The issuance of draft guidelines for the implementation of the General Anti Avoidance Rules (GAAR) for public comments (Draft Guidelines) has brought the much-discussed GAAR back into the spotlight. The GAAR was, initially proposed in the Direct Taxes Bill, 2010 (DTC) to codify the principle of “substance over form” and give the Indian tax authorities sweeping powers to invalidate or otherwise ignore an arrangement as an “impermissible avoidance arrangement” in the event that such arrangement was entered into with the main objective of obtaining a tax benefit. While the DTC is yet to become operational, the applicability of the GAAR was, against strong industry sentiment, advanced by the Ministry of Finance by inserting certain operative provisions in the Finance Act, 2012. The draft guidelines, which is yet to be approved, invites comments from industry stakeholders on the regulatory framework that would govern the implementation of the GAAR. The Prime Minister’s Office, as well as the Finance Ministry, has clarified that the draft guidelines is in preliminary form and will need to be approved, after taking into consideration industry feedback, by the Prime Minister (who has recently taken charge of the finance portfolio).
The draft guidelines offers some solace to assessees in as much as it proposes, amongst other things:
(i) that the GAAR will not be invoked retrospectively and instead will only be applied to income accruing or arising on or after April 1, 2013;
(ii) the need for a monetary threshold below which the GAAR would not be invoked (one hopes that the threshold when prescribed will be a meaningful one); and
(iii) that where only a part of an arrangement is held impermissible, the tax consequences of an ‘impermissible avoidance arrangement’ will be limited to only that part of the arrangement and not the entire arrangement.
That said, unless the final guidelines places additional and more stringent fetters on its invocation, given the extensive discretion granted to the tax authorities under the GAAR, the excessive tax and compliance burden will be worrisome.
The GAAR had triggered concerns among PE funds in relation to the usage of Mauritius as a holding company destination for investments into India. Consequently, this might increase the attractiveness of Singapore as a holding company destination as the comprehensive economic cooperation agreement entered into between India and Singapore provides certain inherent ‘substance requirements’ to qualify for its benefits and, hence, it could be argued that Singapore-based entities that meet these ‘substance requirements’ are not ‘impermissible tax-avoidance arrangements’. On the other hand, this may well come to naught as the tax authorities could argue that these ‘substance requirements’ are mere thresholds to determine eligibility under the agreement and are not sufficient, on their own, to demonstrate commercial substance when tested against the GAAR.

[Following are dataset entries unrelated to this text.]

lemma bij_betw_centralizer_permutes_disjoint_Un:
  assumes AB: "A \<inter> B = {}" and "finite A"
    and \<sigma>: "\<sigma> permutes A" "\<forall>x\<in>A. \<sigma> x \<noteq> x"
  shows "bij_betw (\<lambda>(r, t). r \<circ> t) ({r. r permutes A \<and> r \<circ> \<sigma> = \<sigma> \<circ> r} \<times> {t. t permutes B})
           {p. p permutes A \<union> B \<and> p \<circ> \<sigma> = \<sigma> \<circ> p}"
proof (rule bij_betw_subset[OF bij_betw_permutes_disjoint_Un[OF AB]])
  have comp_commute: "r \<circ> t \<circ> \<sigma> = \<sigma> \<circ> (r \<circ> t) \<longleftrightarrow> r \<circ> \<sigma> = \<sigma> \<circ> r"
    if "r permutes A" "t permutes B" for r t
  proof -
    have "r \<circ> t \<circ> \<sigma> = r \<circ> \<sigma> \<circ> t" "\<sigma> \<circ> (r \<circ> t) = \<sigma> \<circ> r \<circ> t"
      using permutes_disjoint_commute[OF AB \<sigma>(1) that(2)] by (simp_all add: comp_assoc)
    moreover have "r \<circ> \<sigma> = \<sigma> \<circ> r" if "r \<circ> \<sigma> \<circ> t = \<sigma> \<circ> r \<circ> t"
    proof -
      have "r \<circ> \<sigma> \<circ> (t \<circ> inv t) = \<sigma> \<circ> r \<circ> (t \<circ> inv t)"
        using that by (simp flip: comp_assoc)
      then show ?thesis by (simp add: permutes_inv_o[OF \<open>t permutes B\<close>])
    qed
    ultimately show ?thesis by auto
  qed
  show "{r. r permutes A \<and> r \<circ> \<sigma> = \<sigma> \<circ> r} \<times> {t. t permutes B} \<subseteq> {r. r permutes A} \<times> {t. t permutes B}"
    by blast
  show "(\<lambda>(r, t). r \<circ> t) ` ({r. r permutes A \<and> r \<circ> \<sigma> = \<sigma> \<circ> r} \<times> {t. t permutes B})
          = {p. p permutes A \<union> B \<and> p \<circ> \<sigma> = \<sigma> \<circ> p}"
  proof (intro equalityI subsetI)
    fix p assume "p \<in> (\<lambda>(r, t). r \<circ> t) ` ({r. r permutes A \<and> r \<circ> \<sigma> = \<sigma> \<circ> r} \<times> {t. t permutes B})"
    then obtain r t where rt: "p = r \<circ> t" "r permutes A" "r \<circ> \<sigma> = \<sigma> \<circ> r" "t permutes B" by auto
    then show "p \<in> {p. p permutes A \<union> B \<and> p \<circ> \<sigma> = \<sigma> \<circ> p}"
      using bij_betwE[OF bij_betw_permutes_disjoint_Un[OF AB]] comp_commute by auto
  next
    fix p assume "p \<in> {p. p permutes A \<union> B \<and> p \<circ> \<sigma> = \<sigma> \<circ> p}"
    then have p: "p permutes A \<union> B" "p \<circ> \<sigma> = \<sigma> \<circ> p" by auto
    then have "p ` A = A"
      using commuting_permutes_image_support[OF permutes_inj[OF p(1)] assms(2) \<sigma>] by simp
    then obtain r t where "r permutes A" "t permutes B" "p = r \<circ> t"
      using bij_betw_imp_surj_on[OF bij_betw_permutes_disjoint_Un[OF AB]] p(1) by force
    then show "p \<in> (\<lambda>(r, t). r \<circ> t) ` ({r. r permutes A \<and> r \<circ> \<sigma> = \<sigma> \<circ> r} \<times> {t. t permutes B})"
      using comp_commute p(2) by auto
  qed
qed

lemma sum_centralizer_diff_card_invariant_subsets:
  assumes AB: "A \<inter> B = {}" and fin: "finite A" "finite B"
    and \<sigma>: "\<sigma> permutes A" "\<forall>x\<in>A. \<sigma> x \<noteq> x" and card: "card A = k" "card B = k"
  defines "C \<equiv> {p. p permutes A \<union> B \<and> p \<circ> \<sigma> = \<sigma> \<circ> p}"
  shows "(\<Sum>p\<in>C. int (card (invariant_subsets (A \<union> B) k p))
                 - int (card (invariant_subsets (A \<union> B) (k + 1) p))) = int (card C)"
proof -
  define R where "R = {r. r permutes A \<and> r \<circ> \<sigma> = \<sigma> \<circ> r}"
  define T where "T = {t :: 'a \<Rightarrow> 'a. t permutes B}"
  have bij: "bij_betw (\<lambda>(r, t). r \<circ> t) (R \<times> T) C"
    unfolding R_def T_def C_def by (rule bij_betw_centralizer_permutes_disjoint_Un[OF AB fin(1) \<sigma>])
  have "finite R" "card T = fact k"
    using fin card(2) by (simp_all add: R_def T_def card_permutations finite_permutations)
  have "(\<Sum>p\<in>C. int (card (invariant_subsets (A \<union> B) k p))
                 - int (card (invariant_subsets (A \<union> B) (k + 1) p)))
      = (\<Sum>r\<in>R. \<Sum>t\<in>T. int (card (invariant_subsets (A \<union> B) k (r \<circ> t)))
                 - int (card (invariant_subsets (A \<union> B) (k + 1) (r \<circ> t))))"
    by (simp add: sum.reindex_bij_betw[OF bij, symmetric] sum.cartesian_product case_prod_unfold)
  also have "\<dots> = (\<Sum>r\<in>R. int (fact k))"
    using sum_diff_card_invariant_subsets_comp_permutes_disjoint[OF AB fin _ card]
    by (simp add: R_def T_def)
  also have "\<dots> = int (card (R \<times> T))"
    using \<open>card T = fact k\<close> by (simp add: card_cartesian_product)
  finally show ?thesis
    using bij_betw_same_card[OF bij] by simp
qed

lemma cycle_of_list_upt_apply:
  assumes "x \<in> {1..n}"
  shows "cycle_of_list [1..<n+1] x = x mod n + 1"
proof -
  define cs where "cs = [1..<n+1]"
  have "distinct cs" "length cs = n" by (simp_all add: cs_def)
  have x: "x - 1 < n" "cs ! (x - 1) = x"
    using assms by (auto simp: cs_def simp del: upt_Suc)
  have "cycle_of_list cs x = map (cycle_of_list cs) cs ! (x - 1)"
    using x \<open>length cs = n\<close> by simp
  also have "\<dots> = rotate1 cs ! (x - 1)"
    using cyclic_rotation[OF \<open>distinct cs\<close>, of 1] by simp
  also have "\<dots> = cs ! (x mod n)"
    using x assms \<open>length cs = n\<close> by (simp add: nth_rotate1)
  also have "\<dots> = x mod n + 1"
    using assms by (simp add: cs_def del: upt_Suc)
  finally show ?thesis unfolding cs_def .
qed

lemma cycle_of_list_upt_no_fixpoint:
  assumes "n \<ge> 2" "x \<in> {1..n}"
  shows "cycle_of_list [1..<n+1] x \<noteq> x"
  using assms cycle_of_list_upt_apply[OF assms(2)] by (cases "x = n") auto

lemma centralizer_Sym_subset: "centralizer (Sym m) s \<subseteq> Sym m"
  by (auto simp: centralizer_def)

lemma card_centralizer_Sym_gt_0: "card (centralizer (Sym m) s) > 0"
  using finite_subset[OF centralizer_Sym_subset finite_Sym]
  by (auto simp: card_gt_0_iff centralizer_def intro!: exI[of _ id])

lemma irr_char_equal_rows_conj:
  assumes "x \<in> Sym (2 * n)" "g \<in> Sym (2 * n)" "n \<ge> 1"
  shows "irr_char (2 * n) [n, n] (x \<circ> g \<circ> inv x) = irr_char (2 * n) [n, n] g"
  using irr_char_equal_rows[OF _ assms(3)] conj_in_Sym[OF assms(1,2)] assms(1,2)
    card_invariant_subsets_conj[of x]
  by (simp add: Sym_def)

lemma sum_irr_char_equal_rows_centralizer_cycle:
  assumes "n \<ge> 2"
  defines "C \<equiv> centralizer (Sym (2 * n)) (cycle_of_list [1..<n+1])"
  shows "(\<Sum>h\<in>C. irr_char (2 * n) [n, n] h) = of_nat (card C)"
proof -
  define A B \<sigma> where "A = {1..n}" and "B = {n+1..2*n}" and "\<sigma> = cycle_of_list [1..<n+1]"
  have AB: "A \<inter> B = {}" "A \<union> B = {1..2*n}" "finite A" "finite B" "card A = n" "card B = n"
    by (auto simp: A_def B_def)
  have "set [1..<n+1] = A" by (auto simp: A_def)
  then have \<sigma>: "\<sigma> permutes A" "\<forall>x\<in>A. \<sigma> x \<noteq> x"
    using cycle_permutes[of "[1..<n+1]"] cycle_of_list_upt_no_fixpoint[OF assms(1)]
    by (simp_all add: \<sigma>_def A_def del: upt_Suc)
  have C: "C = {p. p permutes A \<union> B \<and> p \<circ> \<sigma> = \<sigma> \<circ> p}"
    by (auto simp: C_def \<sigma>_def centralizer_def Sym_def AB(2))
  have "(\<Sum>h\<in>C. irr_char (2 * n) [n, n] h)
      = of_int (\<Sum>h\<in>C. int (card (invariant_subsets (A \<union> B) n h))
                       - int (card (invariant_subsets (A \<union> B) (n + 1) h)))"
    using irr_char_equal_rows assms(1) by (simp add: C AB(2))
  also have "\<dots> = of_nat (card C)"
    using sum_centralizer_diff_card_invariant_subsets[OF AB(1,3,4) \<sigma> AB(5,6)] by (simp add: C)
  finally show ?thesis .
qed

theorem proposition3p3:
  fixes n :: nat
  assumes "n \<ge> 2"
  shows "cf_inner (Sym (2*n))
           (ind_cf (Sym (2*n)) (centralizer (Sym (2*n)) (cycle_of_list [1..<n+1])) triv_cf)
           (irr_char (2*n) [n, n]) = 1"
proof -
  let ?C = "centralizer (Sym (2*n)) (cycle_of_list [1..<n+1])"
  have "cf_inner (Sym (2*n)) (ind_cf (Sym (2*n)) ?C triv_cf) (irr_char (2*n) [n, n])
          = cnj (\<Sum>h\<in>?C. irr_char (2*n) [n, n] h) / of_nat (card ?C)"
    using assms by (intro cf_inner_ind_triv_cf centralizer_Sym_subset irr_char_equal_rows_conj) auto
  also have "\<dots> = 1"
    using sum_irr_char_equal_rows_centralizer_cycle[OF assms] card_centralizer_Sym_gt_0[of "2*n"]
    by simp
  finally show ?thesis .
qed

end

With the GAAR set to take effect, as of now, on April 1, 2013, reportedly, several FIIs and PE funds have already begun the process of strengthening the commercial rationale for locating their investment entities in Mauritius and Singapore, including by increasing senior-level headcount and acquiring independent office infrastructure in these jurisdictions. Expect this trend of re-examination to continue and accelerate as the international investing community utilises this window of opportunity to bolster their investment structures to provide more robust arguments against potential challenges under the GAAR.
At the end of the day, the choice of jurisdiction is going to have to be driven by business considerations that will best allow the fund to demonstrate clear and substantial commercial rationale for that choice.